Ben Stein Editorial – Is It Best To E-File My Taxes?

Is e-filing a much better way to record your taxes? 

Americans and the IRS may not agree on everything, but they’re mostly on the same page when it comes to e-filing individual income tax returns.

Nearly all individual income tax returns submitted to the IRS are e-filed.  E-filing is a favorite as it’s a win-win for taxpayers and the IRS.

And in return, you could find any refund you’re owed faster, particularly in the event that you have it directly deposited to your bank accounts.

However, what about safety?  And can digital filing actually provide you access to all of the forms you might need in case you’ve got a complex tax situation?  Are there situations when you can not e-file?  Let us look at the benefits of e-filing, and if it might be the best filing choice for your requirements.

If you’re thinking about e-filing, some of the advantages include:

  1. Quick affirmation your forms have been received: The IRS will affirm a tax filing has been received within one day of electronic submission.  For paper filers, the IRS does not send any acknowledgment your forms have arrived safely. 

    Timely refunds: When you publish a paper filing, it may take six to eight months to be given a tax refund.  With e-filing, you are going to get your money in 3 weeks or less.  Choosing direct deposit may also accelerate the refund process.

  2. Reduced chance of mistakes: According to the IRS, there’s approximately a 1 percent error rate on e-filed returns, compared with a 20% rate of mistakes on paper filings.  The IRS also provides more information on problems discovered on e-filed yields compared with paper returns.

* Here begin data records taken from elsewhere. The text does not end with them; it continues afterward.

lemma aci_rmult_aci_lmult_left_inverse:
  assumes M: "\<And>k. M k \<in> carrier_mat m n" and Q: "Q \<in> carrier_mat n n'"
    and R: "R \<in> carrier_mat m' m" and P: "P \<in> carrier_mat m m" "P' \<in> carrier_mat m m"
    and inv: "P' * P = 1\<^sub>m m"
  shows "aci_rmult (aci_lmult R M) Q = aci_lmult (R * P') (aci_rmult (aci_lmult P M) Q)"
proof
  fix k
  have MQ: "M k * Q \<in> carrier_mat m n'" using M[of k] Q by simp
  have "R * P' * (P * M k * Q) = R * (P' * (P * (M k * Q)))"
    using assoc_mult_mat[OF R P(2), of "P * M k * Q" n'] assoc_mult_mat[OF P(1) M[of k] Q] MQ P
    by simp
  also have "\<dots> = R * (M k * Q)"
    using assoc_mult_mat[OF P(2,1) MQ] inv MQ by (simp add: left_mult_one_mat)
  also have "\<dots> = R * M k * Q"
    using assoc_mult_mat[OF R M[of k] Q] by simp
  finally show "aci_rmult (aci_lmult R M) Q k = aci_lmult (R * P') (aci_rmult (aci_lmult P M) Q) k"
    by (simp add: aci_lmult_def aci_rmult_def)
qed

theorem lemma4p6:
  fixes M :: "('a::field, 'v::finite) aci"
    and m n p :: nat and F :: "nat set" and P :: "'a mat"
  assumes "is_aci M m n"
    and "permutation_mat m P"
    and "lower_left_zero (aci_rmult (aci_lmult P M) (Q_F n F)) p (card F)"
    and "rows_lin_indep (blockA (aci_rmult (aci_lmult P M) (Q_F n F)) p (card F))"
  shows "(factor_set M m n F \<longrightarrow>
            decomp_form True (aci_rmult (aci_lmult P M) (Q_F n F)) m n (card F) p)
       \<and> (semifactor_set M m n F \<longrightarrow>
            decomp_form False (aci_rmult (aci_lmult P M) (Q_F n F)) m n (card F) p)"
proof -
  let ?Q = "Q_F n F :: 'a mat"
  let ?N = "aci_rmult (aci_lmult P M) ?Q"
  have M: "M k \<in> carrier_mat m n" for k
    using assms(1) unfolding is_aci_def aci_dim_def by auto
  have Q: "?Q \<in> carrier_mat n n" unfolding Q_F_def by simp
  note P = permutation_mat_transpose_mult[OF assms(2)]
  have N: "?N k \<in> carrier_mat m n" for k
    using P(1) M[of k] Q by (simp add: aci_lmult_def aci_rmult_def)
  have "decomp_form b ?N m n (card F) p"
    if R: "R \<in> carrier_mat m m" "det R \<noteq> 0"
      and decomp: "decomp_form b (aci_rmult (aci_lmult R M) ?Q) m n (card F) q" for b R q
  proof (rule decomp_form_of_aci_lmult[OF N _ _ assms(3,4)])
    have PtP: "det (transpose_mat P) * det P = 1"
      using det_mult[of "transpose_mat P" m P] P by simp
    show "R * transpose_mat P \<in> carrier_mat m m" using R P by simp
    show "det (R * transpose_mat P) \<noteq> 0"
      using R P PtP det_mult[of R m "transpose_mat P"] by auto
    show "decomp_form b (aci_lmult (R * transpose_mat P) ?N) m n (card F) q"
      using decomp aci_rmult_aci_lmult_left_inverse[of M, OF M Q R(1) P(1) _ P(2)] P(1) by simp
  qed
  then show ?thesis
    unfolding factor_set_def semifactor_set_def by blast
qed

end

  3. Easy payment procedure: If you owe the IRS money, it is simpler to pay at your advantage when you e-file.  It’s possible to submit returns early and pay later if needed, provided that you pay by the April 15 filing deadline.  And you’re able to schedule electronic money transfers to easily send the IRS what you owe on a date of your choosing — again, provided that the IRS receives your payment by Tax Day. You also have the choice to pay your balance by using the IRS Immediate pay service from the checking or savings account, filing a credit card through a payment processor for a fee, or paying by check or money order. 

  4. Digital storage of tax information: Submitting returns electronically implies there is a digital backup of your tax documents.  So if something happens to your paperwork, you’ll have an electronic backup.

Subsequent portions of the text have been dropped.